IBIT and FBTC registered 51 consecutive days of net inflows on Friday. However, Five consecutive sessions of total net outflows fueled speculation about the BTC-spot ETF market seeing inflows dry up.

President of ETF Store Nate Garaci had this to say about the BTC-spot ETF market flow trends,

“Spot bitcoin ETFs have taken in a net $11bil & have $50bil AUM in 2+ months & the media is already trying to call it over… No idea what happens w/ flows moving forward, but someone pls tell them numerous RIAs & brokerage platforms haven’t even approved these things for use yet.”

Bitcoin Fear and Greed Index on the Extreme Greed Border

The Bitcoin Fear and Greed Index trended higher on Monday, rising from 74 to 75. Significantly, the Fear and Greed Index moved to the border with the Extreme Greed zone.

The Index at current levels signals a possible BTC retreat. However, the Index trend need consideration. Upward trends toward 80, driven by a rebound in total net inflow, could support a return to the March 14 all-time high of $73,808. The Fear and Greed Index reached a 2024 high of 88 on March 14.

Technical Analysis

Bitcoin Analysis

BTC held above the 50-day and 200-day EMAs, affirming the bullish price signals.

A BTC break above the $69,000 resistance level would support a move toward the March 14 ATH of $73,808.

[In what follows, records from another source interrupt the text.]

lemma det_eq_prod_diag_if_inversions_vanish:
  assumes A: "A \<in> carrier_mat n n"
    and vanish: "\<And>i k j j'. i < k \<Longrightarrow> k < n \<Longrightarrow> j < j' \<Longrightarrow> j' < n \<Longrightarrow> A $$ (i, j') = 0 \<or> A $$ (k, j) = 0"
  shows "det A = (\<Prod>i=0..<n. A $$ (i, i))"
proof -
  have "(\<Prod>i=0..<n. A $$ (i, p i)) = 0" if p: "p permutes {0..<n}" "p \<noteq> id" for p
  proof -
    obtain i k where ik: "i < k" "k < n" "p k < p i"
      using permutes_has_inversion[OF p] by blast
    moreover have "p i < n"
      using ik p(1) by (simp add: permutes_nat_less)
    ultimately have "A $$ (i, p i) = 0 \<or> A $$ (k, p k) = 0"
      by (intro vanish)
    then obtain l where "l < n" "A $$ (l, p l) = 0"
      using ik order.strict_trans by blast
    then show ?thesis
      by (intro prod_zero) (auto intro: bexI[of _ l])
  qed
  then have "det A = (\<Sum>p\<in>{id}. signof p * (\<Prod>i=0..<n. A $$ (i, p i)))"
    unfolding det_def'[OF A]
    by (intro sum.mono_neutral_right) (auto simp: finite_permutations permutes_id)
  then show ?thesis
    by simp
qed

section \<open>The determinant for a one-dimensional space\<close>

definition Tskew_entry ::
    "nat \<Rightarrow> nat \<Rightarrow> 'a::comm_ring_1 hpoly \<Rightarrow> nat list \<Rightarrow> nat list \<Rightarrow> nat \<Rightarrow> nat \<Rightarrow> 'a hpoly" where
  "Tskew_entry q n w la mu i j =
    (let r = int (part la i) - int (part mu j) - int i + int j
     in (if even r then 1 else -1) * frob q n (int (part la i) - int i) (E1dim q w r))"

lemma Tskew_eq_det:
  "Tskew q n w la mu = det (mat (max (length la) (length mu)) (max (length la) (length mu))
    (\<lambda>(i, j). Tskew_entry q n w la mu (Suc i) (Suc j)))"
  by (simp add: Tskew_def Tskew_entry_def Let_def)

lemma Tskew_entry_eq_0:
  fixes w :: "'a::idom hpoly"
  assumes "0 < q" and "int (part la i) - int (part mu j) - int i + int j \<notin> {0, 1}"
  shows "Tskew_entry q n w la mu i j = 0"
  using assms by (simp add: Tskew_entry_def E1dim_def frob_0)

lemma Tskew_entry_inversion_eq_0:
  fixes w :: "'a::idom hpoly"
  assumes "is_partition la" "is_partition mu" "0 < q" "1 \<le> i" "i < k" "1 \<le> j" "j < j'"
  shows "Tskew_entry q n w la mu i j' = 0 \<or> Tskew_entry q n w la mu k j = 0"
proof -
  have "part la k \<le> part la i" "part mu j' \<le> part mu j"
    using assms by (simp_all add: part_antimono)
  then have "int (part la i) - int (part mu j') - int i + int j' \<notin> {0, 1} \<or>
      int (part la k) - int (part mu j) - int k + int j \<notin> {0, 1}"
    using assms(5,7) by auto
  with assms(3) show ?thesis
    using Tskew_entry_eq_0 by blast
qed

lemma Tskew_eq_prod_diag:
  fixes w :: "'a::idom hpoly"
  assumes "is_partition la" "is_partition mu" "0 < q"
  shows "Tskew q n w la mu = (\<Prod>i=1..max (length la) (length mu). Tskew_entry q n w la mu i i)"
proof -
  let ?N = "max (length la) (length mu)"
  have "Tskew q n w la mu = (\<Prod>i=0..<?N. Tskew_entry q n w la mu (Suc i) (Suc i))"
    unfolding Tskew_eq_det
    by (subst det_eq_prod_diag_if_inversions_vanish[where n = ?N])
      (simp_all add: Tskew_entry_inversion_eq_0[OF assms])
  then show ?thesis
    by (simp add: prod.atLeast1_atMost_eq atLeast0LessThan)
qed

lemma Tskew_entry_diag:
  fixes w :: "'a::{field,finite} hpoly"
  shows "Tskew_entry (card (UNIV :: 'a set)) n w la mu i i =
    (if part la i = part mu i then 1
     else if part la i = Suc (part mu i)
     then - frob (card (UNIV :: 'a set)) n (int (part la i) - int i) (E1dim (card (UNIV :: 'a set)) w 1)
     else 0)"
  by (auto simp: Tskew_entry_def E1dim_def frob_0 frob_1 finite_UNIV_card_ge_0)

theorem mainTheorem4:
  fixes w :: "('a::{field,finite}) hpoly" and n :: nat and la mu :: "nat list"
  assumes "w \<in> polyS n" and "w \<noteq> 0"
    and "is_partition la" and "is_partition mu"
  shows "Tskew (card (UNIV :: 'a set)) n w la mu =
    (if subpart mu la \<and> vertical_strip la mu
     then (-1) ^ (size_part la - size_part mu) *
          (\<Prod>s\<in>skew la mu. frob (card (UNIV :: 'a set)) n (content s) (E1dim (card (UNIV :: 'a set)) w 1))
     else 0)"
proof -
  let ?q = "card (UNIV :: 'a set)"
  define N where "N = max (length la) (length mu)"
  define X where "X s = frob ?q n (content s) (E1dim ?q w 1)" for s
  have lengths: "length la \<le> N" "length mu \<le> N"
    by (simp_all add: N_def)
  have T: "Tskew ?q n w la mu = (\<Prod>i=1..N. Tskew_entry ?q n w la mu i i)"
    unfolding N_def using assms(3,4) by (rule Tskew_eq_prod_diag) (simp add: finite_UNIV_card_ge_0)
  show ?thesis
  proof (cases "subpart mu la \<and> vertical_strip la mu")
    case True
    then have rows: "\<forall>i\<in>{1..N}. part mu i \<le> part la i \<and> part la i \<le> Suc (part mu i)"
      using subpart_vertical_strip_iff[OF lengths] by blast
    then have "(\<Prod>i=1..N. Tskew_entry ?q n w la mu i i) =
        (\<Prod>i=1..N. if part la i = Suc (part mu i) then - X (i, part la i) else 1)"
      by (intro prod.cong refl) (use rows in \<open>fastforce simp: Tskew_entry_diag X_def content_def\<close>)
    also have "\<dots> = (-1) ^ (size_part la - size_part mu) * (\<Prod>s\<in>skew la mu. X s)"
      by (rule signed_prod_skew_vertical_strip[OF lengths rows, symmetric])
    finally show ?thesis
      using T True by (simp add: X_def)
  next
    case False
    then obtain i where "i \<in> {1..N}" "\<not> (part mu i \<le> part la i \<and> part la i \<le> Suc (part mu i))"
      using subpart_vertical_strip_iff[OF lengths] by blast
    then have "Tskew_entry ?q n w la mu i i = 0"
      by (auto simp: Tskew_entry_diag)
    with \<open>i \<in> {1..N}\<close> have "(\<Prod>i=1..N. Tskew_entry ?q n w la mu i i) = 0"
      by (intro prod_zero) auto
    with T show ?thesis
      by (simp only: if_not_P[OF False])
  qed
qed

end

On Monday, BTC-spot ETF market flow data and SEC-related news warrant investor consideration.

Conversely, a fall through the $65,000 handle could give the bears a run at the $64,000 support level. A break below the $64,000 support level could bring the $60,365 support level into play.

The 14-Daily RSI reading, 54.31, suggests a BTC return to the ATH $73,808 before entering overbought territory.

BTC Daily Chart sends bullish price signals.
BTCUSD 250324 Daily Chart

Ethereum Analysis

ETH remained above the 50-day and 200-day EMAs, sending bullish price signals.

An ETH break above the $3,480 resistance level would support a move to the $3,600 handle.

ETH-spot ETF-related chatter about the May approval window warrants investor consideration.

Conversely, an ETH break below the 50-day EMA and the $3,244 support level could signal a drop to the $3,033 support level.

The 14-period Daily RSI at 49.16 indicates an ETH drop to the $3,033 support level before entering oversold territory.

ETH Daily Chart sends bullish price signals.